Argued January 8, 1946 Decided February 25, 1946
- Full case name: Commissioner of Internal Revenue v. Wilcox, et al.
- Citations: 327 U.S. 404 (more) 66 S. Ct. 546; 90 L. Ed. 752; 1946 U.S. LEXIS 3084; 46-1 U.S. Tax Cas. (CCH) ¶ 9188; 34 A.F.T.R. (P-H) 811; 1946-1 C.B. 6; 166 A.L.R. 884; 1946 P.H. P72,014

Case history
- Prior: Certiorari to the Circuit Court of Appeals for the Ninth Circuit

Court membership
- Chief Justice Harlan F. Stone Associate Justices Hugo Black · Stanley F. Reed Felix Frankfurter · William O. Douglas Frank Murphy · Robert H. Jackson Wiley B. Rutledge · Harold H. Burton

Case opinions
- Majority: Murphy, joined by Stone, Black, Reed, Frankfurter, Douglas, Rutledge
- Dissent: Burton
- Jackson took no part in the consideration or decision of the case.

Laws applied
- § 22 (a) of the Internal Revenue Code
- Overruled by
- James v. United States, 366 U.S. 213 (1961)

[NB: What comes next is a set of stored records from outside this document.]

definition qh_supported :: "'c qhalg \<Rightarrow> bool" where
  "qh_supported A \<longleftrightarrow> (let B = qbasis A in
     (\<forall>b\<in>B. \<forall>b'\<in>B. qmult A b b' \<in> qvecs A) \<and> qunit A \<in> qvecs A \<and>
     (\<forall>b\<in>B. \<forall>c c'. c \<notin> B \<or> c' \<notin> B \<longrightarrow> qcomult A b (c, c') = 0) \<and>
     (\<forall>c c' c''. c \<notin> B \<or> c' \<notin> B \<or> c'' \<notin> B \<longrightarrow> qassoc A (c, c', c'') = 0) \<and>
     (\<forall>b\<in>B. qantipode A b \<in> qvecs A) \<and> qalpha A \<in> qvecs A \<and> qbeta A \<in> qvecs A)"

definition basis_transport :: "('b \<Rightarrow> 'c) \<Rightarrow> 'b qhalg \<Rightarrow> 'c qhalg \<Rightarrow> bool" where
  "basis_transport \<phi> A1 A2 \<longleftrightarrow> (let B = qbasis A1 in
     bij_betw \<phi> B (qbasis A2) \<and>
     (\<forall>b\<in>B. \<forall>b'\<in>B. \<forall>c\<in>B. qmult A1 b b' c = qmult A2 (\<phi> b) (\<phi> b') (\<phi> c)) \<and>
     (\<forall>b\<in>B. qunit A1 b = qunit A2 (\<phi> b)) \<and>
     (\<forall>b\<in>B. \<forall>b1\<in>B. \<forall>b2\<in>B. qcomult A1 b (b1, b2) = qcomult A2 (\<phi> b) (\<phi> b1, \<phi> b2)) \<and>
     (\<forall>b\<in>B. \<forall>b'\<in>B. \<forall>b''\<in>B. qassoc A1 (b, b', b'') = qassoc A2 (\<phi> b, \<phi> b', \<phi> b'')) \<and>
     (\<forall>b\<in>B. qcounit A1 b = qcounit A2 (\<phi> b)) \<and>
     (\<forall>b\<in>B. \<forall>c\<in>B. qantipode A1 b c = qantipode A2 (\<phi> b) (\<phi> c)) \<and>
     (\<forall>b\<in>B. qalpha A1 b = qalpha A2 (\<phi> b)) \<and>
     (\<forall>b\<in>B. qbeta A1 b = qbeta A2 (\<phi> b)))"

lemma qmulL_basis_vec:
  assumes "finite (qbasis A)" "p \<in> qbasis A" "q \<in> qbasis A"
  shows "qmulL A (basis_vec p) (basis_vec q) = qmult A p q"
proof
  fix c
  have "qmulL A (basis_vec p) (basis_vec q) c
      = (\<Sum>a\<in>qbasis A. basis_vec p a * (\<Sum>a'\<in>qbasis A. basis_vec q a' * qmult A a a' c))"
    by (simp add: qmulL_def sum_distrib_left mult_ac)
  then show "qmulL A (basis_vec p) (basis_vec q) c = qmult A p q c"
    by (simp add: sum_basis_vec[OF assms(1)] assms(2,3))
qed

lemma qcomulL_basis_vec:
  "finite (qbasis A) \<Longrightarrow> p \<in> qbasis A \<Longrightarrow> qcomulL A (basis_vec p) = qcomult A p"
  using linmap_basis_vec[of "qbasis A" p "qcomult A"] by (simp add: qcomulL_def linmap_def)

lemma qantipodeL_basis_vec:
  "finite (qbasis A) \<Longrightarrow> p \<in> qbasis A \<Longrightarrow> qantipodeL A (basis_vec p) = qantipode A p"
  using linmap_basis_vec[of "qbasis A" p "qantipode A"] by (simp add: qantipodeL_def linmap_def)

lemma qcounitL_basis_vec:
  "finite (qbasis A) \<Longrightarrow> p \<in> qbasis A \<Longrightarrow> qcounitL A (basis_vec p) = qcounit A p"
  using sum_basis_vec[of "qbasis A" p "qcounit A"] by (simp add: qcounitL_def mult.commute)

theorem qh_iso_of_basis_transport:
  assumes fin: "finite (qbasis A1)"
    and supp: "qh_supported A2" and tr: "basis_transport \<phi> A1 A2"
  shows "qh_iso A1 A2 (perm_matrix \<phi>)"
proof -
  define B where "B = qbasis A1"
  let ?F = "linmap B (perm_matrix \<phi>)"
  have bij: "bij_betw \<phi> B (qbasis A2)"
    and t_mult: "\<forall>b\<in>B. \<forall>b'\<in>B. \<forall>c\<in>B. qmult A1 b b' c = qmult A2 (\<phi> b) (\<phi> b') (\<phi> c)"
    and t_unit: "\<forall>b\<in>B. qunit A1 b = qunit A2 (\<phi> b)"
    and t_comult: "\<forall>b\<in>B. \<forall>b1\<in>B. \<forall>b2\<in>B. qcomult A1 b (b1, b2) = qcomult A2 (\<phi> b) (\<phi> b1, \<phi> b2)"
    and t_assoc: "\<forall>b\<in>B. \<forall>b'\<in>B. \<forall>b''\<in>B. qassoc A1 (b, b', b'') = qassoc A2 (\<phi> b, \<phi> b', \<phi> b'')"
    and t_counit: "\<forall>b\<in>B. qcounit A1 b = qcounit A2 (\<phi> b)"
    and t_anti: "\<forall>b\<in>B. \<forall>c\<in>B. qantipode A1 b c = qantipode A2 (\<phi> b) (\<phi> c)"
    and t_alpha: "\<forall>b\<in>B. qalpha A1 b = qalpha A2 (\<phi> b)"
    and t_beta: "\<forall>b\<in>B. qbeta A1 b = qbeta A2 (\<phi> b)"
    using tr by (simp_all add: basis_transport_def Let_def B_def)
  have fin1: "finite B" using fin by (simp add: B_def)
  have inj: "inj_on \<phi> B" and img: "\<phi> ` B = qbasis A2" using bij by (auto simp: bij_betw_def)
  have fin2: "finite (qbasis A2)" using fin1 img by (metis finite_imageI)
  have in2: "\<phi> b \<in> qbasis A2" if "b \<in> B" for b using img that by blast
  have s_mult: "\<forall>b\<in>B. \<forall>b'\<in>B. \<forall>c. c \<notin> \<phi> ` B \<longrightarrow> qmult A2 (\<phi> b) (\<phi> b') c = 0"
    and s_unit: "\<forall>c. c \<notin> \<phi> ` B \<longrightarrow> qunit A2 c = 0"
    and s_comult: "\<forall>b\<in>B. \<forall>c c'. c \<notin> \<phi> ` B \<or> c' \<notin> \<phi> ` B \<longrightarrow> qcomult A2 (\<phi> b) (c, c') = 0"
    and s_assoc: "\<forall>c c' c''. c \<notin> \<phi> ` B \<or> c' \<notin> \<phi> ` B \<or> c'' \<notin> \<phi> ` B \<longrightarrow> qassoc A2 (c, c', c'') = 0"
    and s_anti: "\<forall>b\<in>B. \<forall>c. c \<notin> \<phi> ` B \<longrightarrow> qantipode A2 (\<phi> b) c = 0"
    and s_alpha: "\<forall>c. c \<notin> \<phi> ` B \<longrightarrow> qalpha A2 c = 0"
    and s_beta: "\<forall>c. c \<notin> \<phi> ` B \<longrightarrow> qbeta A2 c = 0"
    using supp in2 by (simp_all add: qh_supported_def Let_def qvecs_def img)
  have "?F (qmult A1 b b') = qmulL A2 (perm_matrix \<phi> b) (perm_matrix \<phi> b')" if "b \<in> B" "b' \<in> B" for b b'
  proof -
    have "?F (qmult A1 b b') = qmult A2 (\<phi> b) (\<phi> b')"
      using linmap_perm_matrix[OF fin1 inj] t_mult s_mult that by simp
    then show ?thesis using qmulL_basis_vec[OF fin2 in2 in2] that by (simp add: perm_matrix_def)
  qed
  moreover have "linmap2 B (perm_matrix \<phi>) (qcomult A1 b) = qcomulL A2 (perm_matrix \<phi> b)" if "b \<in> B" for b
  proof -
    have "linmap2 B (perm_matrix \<phi>) (qcomult A1 b) = qcomult A2 (\<phi> b)"
      using linmap2_perm_matrix[OF fin1 inj] t_comult s_comult that by simp
    then show ?thesis using qcomulL_basis_vec[OF fin2 in2] that by (simp add: perm_matrix_def)
  qed
  moreover have "?F (qantipode A1 b) = qantipodeL A2 (perm_matrix \<phi> b)" if "b \<in> B" for b
  proof -
    have "?F (qantipode A1 b) = qantipode A2 (\<phi> b)"
      using linmap_perm_matrix[OF fin1 inj] t_anti s_anti that by simp
    then show ?thesis using qantipodeL_basis_vec[OF fin2 in2] that by (simp add: perm_matrix_def)
  qed
  moreover have "qcounitL A2 (perm_matrix \<phi> b) = qcounit A1 b" if "b \<in> B" for b
    using qcounitL_basis_vec[OF fin2 in2] t_counit that by (simp add: perm_matrix_def)
  moreover have "?F (qunit A1) = qunit A2" "?F (qalpha A1) = qalpha A2" "?F (qbeta A1) = qbeta A2"
    using linmap_perm_matrix[OF fin1 inj] t_unit s_unit t_alpha s_alpha t_beta s_beta by simp_all
  moreover have "linmap3 B (perm_matrix \<phi>) (qassoc A1) = qassoc A2"
    using linmap3_perm_matrix[OF fin1 inj] t_assoc s_assoc by simp
  ultimately show ?thesis
    using fin fin2 bij_linmap_perm_matrix[OF fin1 bij]
    unfolding qh_iso_def Let_def qvecs_def B_def[symmetric] by simp
qed

section \<open>Central extensions with a normalised section\<close>

locale central_section = normal +
  fixes s :: "'a set \<Rightarrow> 'a"
  assumes central: "\<And>n g. n \<in> H \<Longrightarrow> g \<in> carrier G \<Longrightarrow> n \<otimes> g = g \<otimes> n"
    and section_mem: "\<And>x. x \<in> carrier (G Mod H) \<Longrightarrow> s x \<in> x"
    and section_one: "s \<one>\<^bsub>G Mod H\<^esub> = \<one>"
begin

lemma quotient_group: "group (G Mod H)"
  by (rule factorgroup_is_group)

lemma quotient_closed:
  assumes "x \<in> carrier (G Mod H)" "y \<in> carrier (G Mod H)"
  shows "x \<otimes>\<^bsub>G Mod H\<^esub> y \<in> carrier (G Mod H)" "inv\<^bsub>G Mod H\<^esub> x \<in> carrier (G Mod H)"
    and "qconj G H x y \<in> carrier (G Mod H)"
  using assms group.inv_closed[OF quotient_group] monoid.m_closed[OF group.is_monoid[OF quotient_group]]
  by (auto simp: qconj_def)

lemma N_closed: "n \<in> H \<Longrightarrow> n \<in> carrier G"
  using subset by blast

lemma section_closed: "x \<in> carrier (G Mod H) \<Longrightarrow> s x \<in> carrier G"
  using section_mem rcosets_carrier[OF is_group] by (auto simp: FactGroup_def)

lemma coset_section: "x \<in> carrier (G Mod H) \<Longrightarrow> x = H #> s x"
proof -
  assume x: "x \<in> carrier (G Mod H)"
  then obtain a where a: "a \<in> carrier G" "x = H #> a" by (auto simp: FactGroup_def RCOSETS_def)
  then show ?thesis using repr_independence[OF _ a(1) subgroup_axioms] section_mem[OF x] by simp
qed

lemma qbar_mult_section: "m \<in> H \<Longrightarrow> x \<in> carrier (G Mod H) \<Longrightarrow> qbar G H (m \<otimes> s x) = x"
  unfolding qbar_def
  by (metis N_closed section_closed coset_mult_assoc[OF subset] rcos_const[OF is_group] coset_section)

lemma qbar_closed: "y \<in> carrier G \<Longrightarrow> qbar G H y \<in> carrier (G Mod H)"
  unfolding qbar_def FactGroup_def by (simp add: rcosetsI[OF subset])

lemma section_difference: "y \<in> carrier G \<Longrightarrow> y \<otimes> inv (s (qbar G H y)) \<in> H"
proof -
  assume y: "y \<in> carrier G"
  have "s (qbar G H y) \<in> H #> y" using section_mem qbar_closed[OF y] unfolding qbar_def by blast
  then have "H #> y = H #> s (qbar G H y)" using repr_independence[OF _ y subgroup_axioms] by simp
  then have "y \<in> H #> s (qbar G H y)" using rcos_self[OF y subgroup_axioms] by simp
  then show ?thesis using rcos_module_imp[OF is_group section_closed[OF qbar_closed[OF y]]] by blast
qed

lemma qsigma_in_N:
  assumes x: "x \<in> carrier (G Mod H)" and y: "y \<in> carrier (G Mod H)"
  shows "qsigma G H s x y \<in> H"
proof -
  have xy: "x \<otimes>\<^bsub>G Mod H\<^esub> y \<in> carrier (G Mod H)" using quotient_closed[OF x y] by blast
  have c: "s x \<otimes> s y \<in> carrier G" using section_closed x y by simp
  have "x \<otimes>\<^bsub>G Mod H\<^esub> y = H #> (s x \<otimes> s y)"
    by (metis x y mult_FactGroup rcos_sum section_closed coset_section)
  then have "s (x \<otimes>\<^bsub>G Mod H\<^esub> y) \<in> H #> (s x \<otimes> s y)" using section_mem[OF xy] by simp
  then have "inv (s (x \<otimes>\<^bsub>G Mod H\<^esub> y) \<otimes> inv (s x \<otimes> s y)) \<in> H"
    using rcos_module_imp[OF is_group c] by simp
  then show ?thesis using section_closed[OF xy] c by (simp add: qsigma_def inv_mult_group)
qed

= Commissioner v. Wilcox =

Commissioner v. Wilcox, 327 U.S. 404 (1946), was a case decided by the Supreme Court of the United States.

The issue presented in this case was whether embezzled money constituted taxable income to the embezzler under § 22(a) of the Internal Revenue Code of 1939.

Although the Court ruled that the embezzlement income was not taxable to the embezzler in Wilcox, the Court later overruled the decision in James v. United States.